The glass half-full version is that grass is a superior surface for Tomic, whose strong serve, flat forehand, adaptable backhand and slightly unorthodox style are well suited to the courts on which specialists are harder to find than elsewhere.

RELATED: Federer: “Kyrgios going to be tough to beat”

So to Kyrgios, the No.20 seed at the 2017 Championships. Back in 2014, nine match points were saved against the seasoned Richard Gasquet in the second round, and no-one who witnessed it will forget that fearless centre-court display against Rafael Nadal in the fourth, when Australia knew a little about the outrageously gifted kid from Canberra and everyone else ended up knowing a whole lot more.

There have since been injuries – including a recurrence of the chronic problem that curtailed his Queen’s Club campaign after just one set against Donald Young – and a range of well documented controversies, but – at least from this writer’s vantage point – the belief that Kyrgios has the game to win a Wimbledon singles title has not wavered.

Perhaps not this year, though, for it seems the 22-year-old is not just undercooked in a matchplay sense but clearly compromised, physically, by his latest ailments.

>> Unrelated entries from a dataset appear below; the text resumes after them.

lemma weighted_moment_bound:
  fixes g :: "'a::euclidean_space \<Rightarrow> real" and xB :: 'a and p s lam \<gamma> C r :: real
  assumes g: "g \<in> borel_measurable lborel" "\<And>x. g x \<ge> 0"
    and p: "p > 0" and s: "s \<ge> 1" and C: "C > 0" and r: "r > 0" and \<gamma>: "\<gamma> \<ge> 0"
    and \<gamma>_lam: "\<gamma> < lam / s - real DIM('a) * (s - 1) / s"
    and M1: "(\<integral>\<^sup>+ x \<in> ball xB r. ennreal (g x powr s) \<partial>lborel)
        \<le> ennreal ((C * r powr (real DIM('a) * (1/s - 1/p))) powr s)"
    and M2: "(\<integral>\<^sup>+ x \<in> - ball xB r. ennreal (g x powr s * norm (x - xB) powr lam) \<partial>lborel)
        \<le> ennreal ((C * r powr (lam / s + real DIM('a) * (1/s - 1/p))) powr s)"
  shows "(\<integral>\<^sup>+x. ennreal (g x * norm (x - xB) powr \<gamma>) \<partial>lborel)
     \<le> ennreal (weighted_moment_const DIM('a) s lam \<gamma> C * r powr (\<gamma> - gamma_p DIM('a) p))"
proof -
  have [measurable]: "g \<in> borel_measurable borel" "ball xB r \<in> sets borel" using g by simp_all
  define n where "n = DIM('a)"
  define R where "R = r powr (\<gamma> - gamma_p n p)"
  have R: "R > 0" unfolding R_def using r by simp
  have R_eq: "r powr (\<gamma> + real n - real n / p) = R"
    unfolding R_def gamma_p_def by (simp add: algebra_simps)
  define Kr where "Kr = unit_ball_vol n * 2^n / (1 - 2 powr (n - ((lam - \<gamma>)/(s - 1) - \<gamma>)))"
  have inside: "(\<integral>\<^sup>+x. ennreal (g x * norm (x - xB) powr \<gamma>) * indicator (ball xB r) x \<partial>lborel)
       \<le> ennreal (2 * C * unit_ball_vol n powr (1 - 1/s) * R)"
    using weighted_moment_inside_ball[OF g p s C r \<gamma> M1] unfolding R_eq[unfolded n_def] n_def .
  have outside: "(\<integral>\<^sup>+x. ennreal (g x * norm (x - xB) powr \<gamma>) * indicator (- ball xB r) x \<partial>lborel)
       \<le> ennreal ((C + C * \<bar>Kr\<bar>) * R)"
  proof (cases "s = 1")
    case True
    have "\<gamma> < lam" using \<gamma>_lam True by simp
    moreover have "(\<integral>\<^sup>+ x \<in> - ball xB r. ennreal (g x * norm (x - xB) powr lam) \<partial>lborel)
        \<le> ennreal (C * r powr (lam + real DIM('a) * (1 - 1/p)))"
      using M2 True g(2) C r by simp
    ultimately have "(\<integral>\<^sup>+x. ennreal (g x * norm (x - xB) powr \<gamma>) * indicator (- ball xB r) x \<partial>lborel)
        \<le> ennreal (C * R)"
      unfolding R_eq[unfolded n_def, symmetric]
      by (rule weighted_moment_outside_ball_s_eq_1[OF g less_imp_le[OF C] r])
    also have "\<dots> \<le> ennreal ((C + C * \<bar>Kr\<bar>) * R)"
      using C R by (intro ennreal_leI mult_right_mono) auto
    finally show ?thesis .
  next
    case False
    hence "s > 1" using s by simp
    from weighted_moment_outside_ball[OF g p this C r \<gamma>_lam M2]
    have "(\<integral>\<^sup>+x. ennreal (g x * norm (x - xB) powr \<gamma>) * indicator (- ball xB r) x \<partial>lborel)
        \<le> ennreal ((C + C * Kr) * R)"
      unfolding R_eq[unfolded n_def] n_def Kr_def .
    also have "\<dots> \<le> ennreal ((C + C * \<bar>Kr\<bar>) * R)"
      using C R by (intro ennreal_leI mult_right_mono add_left_mono) auto
    finally show ?thesis .
  qed
  have "(\<integral>\<^sup>+x. ennreal (g x * norm (x - xB) powr \<gamma>) \<partial>lborel)
     = (\<integral>\<^sup>+x. ennreal (g x * norm (x - xB) powr \<gamma>) * indicator (ball xB r) x
          + ennreal (g x * norm (x - xB) powr \<gamma>) * indicator (- ball xB r) x \<partial>lborel)"
    by (intro nn_integral_cong) (auto split: split_indicator)
  also have "\<dots> = (\<integral>\<^sup>+x. ennreal (g x * norm (x - xB) powr \<gamma>) * indicator (ball xB r) x \<partial>lborel)
          + (\<integral>\<^sup>+x. ennreal (g x * norm (x - xB) powr \<gamma>) * indicator (- ball xB r) x \<partial>lborel)"
    by (rule nn_integral_add) measurable
  also have "\<dots> \<le> ennreal (2 * C * unit_ball_vol n powr (1 - 1/s) * R) + ennreal ((C + C * \<bar>Kr\<bar>) * R)"
    using inside outside by (rule add_mono)
  also have "\<dots> = ennreal (weighted_moment_const n s lam \<gamma> C * R)"
    unfolding weighted_moment_const_def Kr_def using C R
    by (subst ennreal_plus[symmetric]) (auto simp: algebra_simps)
  finally show ?thesis unfolding R_def n_def .
qed

section \<open>Multinomial expansion and Taylor remainder\<close>

text \<open>The multinomial expansion of \<open>(y \<bullet> \<xi>)^k\<close> is indexed by words \<open>g\<close> of length \<open>k\<close> over the
  coordinates; \<open>letter_count k g\<close> is the multi-index of letter multiplicities of \<open>g\<close>.\<close>
definition letter_count :: "nat \<Rightarrow> (nat \<Rightarrow> 'n::finite) \<Rightarrow> 'n \<Rightarrow> nat" where
  "letter_count k g i = card {j \<in> {..<k}. g j = i}"

lemma prod_eq_prod_power_letter_count:
  fixes a :: "'n::finite \<Rightarrow> 'b::comm_monoid_mult"
  shows "(\<Prod>j<k. a (g j)) = (\<Prod>i\<in>UNIV. a i ^ letter_count k g i)"
proof -
  have "(\<Prod>j<k. a (g j)) = (\<Prod>i\<in>UNIV. \<Prod>j\<in>{j \<in> {..<k}. g j = i}. a (g j))"
    by (rule prod.group[symmetric]) auto
  also have "\<dots> = (\<Prod>i\<in>UNIV. \<Prod>j\<in>{j \<in> {..<k}. g j = i}. a i)"
    by (intro prod.cong) auto
  finally show ?thesis unfolding letter_count_def by simp
qed

lemma mi_order_letter_count: "mi_order (letter_count k (g :: nat \<Rightarrow> 'n::finite)) = k"
proof -
  have "(\<Sum>i\<in>(UNIV::'n set). \<Sum>j\<in>{j \<in> {..<k}. g j = i}. (1::nat)) = (\<Sum>j<k. 1)"
    by (rule sum.group) auto
  thus ?thesis unfolding mi_order_def letter_count_def by simp
qed

lemma inner_power_multinomial:
  fixes y \<xi> :: "real^'n"
  shows "(y \<bullet> \<xi>)^k = (\<Sum>g \<in> PiE {..<k} (\<lambda>_. UNIV).
            mi_pow \<xi> (letter_count k g) * mi_pow y (letter_count k g))"
proof -
  have "(y \<bullet> \<xi>)^k = (\<Prod>j\<in>{..<k}. \<Sum>i\<in>UNIV. y$i * \<xi>$i)"
    by (simp add: inner_vec_def)
  also have "\<dots> = (\<Sum>g \<in> PiE {..<k} (\<lambda>_. UNIV). \<Prod>j<k. y$(g j) * \<xi>$(g j))"
    by (rule prod_sum_PiE) auto
  also have "\<dots> = (\<Sum>g \<in> PiE {..<k} (\<lambda>_. UNIV). mi_pow \<xi> (letter_count k g) * mi_pow y (letter_count k g))"
  proof (rule sum.cong[OF refl])
    fix g :: "nat \<Rightarrow> 'n"
    have "(\<Prod>j<k. y$(g j) * \<xi>$(g j)) = (\<Prod>i\<in>UNIV. (y$i * \<xi>$i) ^ letter_count k g i)"
      by (rule prod_eq_prod_power_letter_count)
    thus "(\<Prod>j<k. y$(g j) * \<xi>$(g j)) = mi_pow \<xi> (letter_count k g) * mi_pow y (letter_count k g)"
      unfolding mi_pow_def by (simp add: power_mult_distrib prod.distrib mult.commute)
  qed
  finally show ?thesis .
qed

lemma abs_mi_pow_le: "\<bar>mi_pow (y::real^'n::finite) \<alpha>\<bar> \<le> norm y ^ mi_order \<alpha>"
proof -
  have "\<bar>mi_pow y \<alpha>\<bar> = (\<Prod>i\<in>UNIV. \<bar>y$i\<bar> ^ \<alpha> i)"
    unfolding mi_pow_def by (simp add: abs_prod power_abs)
  also have "\<dots> \<le> (\<Prod>i\<in>UNIV. norm y ^ \<alpha> i)"
    by (intro prod_mono conjI power_mono) (auto simp: component_le_norm_cart[of y, simplified])
  also have "\<dots> = norm y ^ mi_order \<alpha>" unfolding mi_order_def by (simp add: power_sum)
  finally show ?thesis .
qed

lemma finite_mi_order_le: "finite {\<alpha> :: 'n::finite \<Rightarrow> nat. mi_order \<alpha> \<le> N}"
proof (rule finite_subset)
  show "{\<alpha> :: 'n \<Rightarrow> nat. mi_order \<alpha> \<le> N} \<subseteq> PiE UNIV (\<lambda>_. {..N})"
  proof
    fix \<alpha> :: "'n \<Rightarrow> nat" assume "\<alpha> \<in> {\<alpha>. mi_order \<alpha> \<le> N}"
    hence "\<alpha> i \<le> N" for i unfolding mi_order_def using member_le_sum[of i UNIV \<alpha>] by auto
    thus "\<alpha> \<in> PiE UNIV (\<lambda>_. {..N})" by auto
  qed
qed (rule finite_PiE; simp)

The mental element, meanwhile, is one he acknowledges as still a work-in-progress under new part-time coach Sebastien Grosjean.

In that regard, there is clearly enormous upside.

So back to the collective: Tomic was the youngest quarterfinalist since Boris Becker retained his title in 1986, and Kyrgios the youngest since, well, Tomic. Both Australians broadcast their abilities to the wider world of men’s tennis on the same famous ground. And whatever has happened since, theirs is still a joint footprint worth following.